The gardens surrounding the Glen Burnie Historic House were created beginning in 1956 and evolved over the latter half of the 20th century. Built for formal entertaining, the gardens include sculpture, fountains, and folly buildings. Highlights include rose, statue, vegetable, Asian, and perennial gardens. The pond in the Water Garden is stocked with golden trout.

Museum

The Museum of the Shenandoah Valley was designed by architect Michael Graves and opened to the public in 2005. The Museum contains four main galleries:

Shenandoah Valley Gallery
The broad sweep of Valley prehistory and history is explored in the museum's large Shenandoah Valley Gallery. A number of different exhibition techniques are used here, including multi-media presentations, interactive elements, images, maps, dioramas, and display of decorative arts. Objects on display include furniture, fraktur, silver and other metals, baskets, textiles, paintings, folk art, long rifles, and ceramics, for which the Valley is famous.

Founders Gallery
Presents changing exhibitions including, or relating to, the private collection of MSV benefactor, Julian Wood Glass Jr.

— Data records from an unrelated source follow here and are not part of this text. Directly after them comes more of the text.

(* Let $r'\in\mathbb{C}$ and $\sigma_s^2>0$. Let $s\sim\mathcal{CN}_1(0,\sigma_s^2)$ and $\mathbf{n}'=[n'_1,n'_2]^\top\sim\mathcal{CN}_2(\mathbf{0},I_2)$ be independent, and set $m'_1=s+n'_1$, $m'_2=r's+n'_2$, $\sigma_{m'_2}^2=|r'|^2\sigma_s^2+1$. Define the rectified binaural ratio $$y=\frac{1+\sigma_s^2}{\sigma_s^2}\cdot\frac{m'_2}{m'_1}.$$ Then $y\sim\mathcal{CT}_1\left(r',\ \lambda^2,\ 1\right)$ with $\displaystyle\lambda^2=\frac{\sigma_{m'_2}^2+\sigma_s^2}{\sigma_s^4}$.
   Context: $\mathcal{CN}_p(\mathbf{c},\Sigma)$ denotes the $p$-variate complex circular-symmetric normal distribution with mean $\mathbf{c}$ and covariance $\Sigma$, density $\frac{1}{\pi^p|\Sigma|}\exp\left(-(\mathbf{x}-\mathbf{c})^{\mathrm H}\Sigma^{-1}(\mathbf{x}-\mathbf{c})\right)$; $I_2$ is the $2\times 2$ identity. The univariate complex t-distribution $\mathcal{CT}_1(\mu,\lambda^2,\nu)$ with mean $\mu\in\mathbb{C}$, spread $\lambda^2>0$ and degrees of freedom $\nu>0$ has density $\frac{1}{\pi\lambda^2}\left(1+\frac{|y-\mu|^2}{\nu\lambda^2}\right)^{-(1+\nu)}$ on $\mathbb{C}$. *)

theory Defs
  imports "HOL-Probability.Probability"
begin

definition cnormal1_density :: "complex \<Rightarrow> real \<Rightarrow> complex \<Rightarrow> real" where
  "cnormal1_density c \<sigma>2 x = 1 / (pi * \<sigma>2) * exp (- ((cmod (x - c))\<^sup>2) / \<sigma>2)"

text \<open>Density of the bivariate circular-symmetric complex normal CN_2(0, I_2) on
  complex x complex (vectors [x1,x2]^T represented as pairs): here |Sigma| = 1 and
  (x - 0)^H I_2^{-1} (x - 0) = |x1|^2 + |x2|^2.\<close>
definition cnormal2_std_density :: "complex \<times> complex \<Rightarrow> real" where
  "cnormal2_std_density x = 1 / (pi ^ 2) * exp (- ((cmod (fst x))\<^sup>2 + (cmod (snd x))\<^sup>2))"

definition ct1_density :: "complex \<Rightarrow> real \<Rightarrow> real \<Rightarrow> complex \<Rightarrow> real" where
  "ct1_density \<mu> lam2 \<nu> y = 1 / (pi * lam2) * (1 + (cmod (y - \<mu>))\<^sup>2 / (\<nu> * lam2)) powr (- (1 + \<nu>))"

end

theory Submission
  imports Defs
begin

R. Lee Taylor Miniatures Gallery
This gallery presents an outstanding collection of furnished miniature houses and rooms by R. Lee Taylor (1924–2000), who lived at Glen Burnie from the late 1950s until his death. At the time of his death, Taylor had assembled fourteen completely furnished rooms and houses. On display are five houses and four rooms by R. Lee Taylor showcasing the work of more than seventy-five miniatures artisans. Also on display are four shadowboxes by the late Valley miniatures artist William P. Massey, who created his work between the 1930s to 1940s.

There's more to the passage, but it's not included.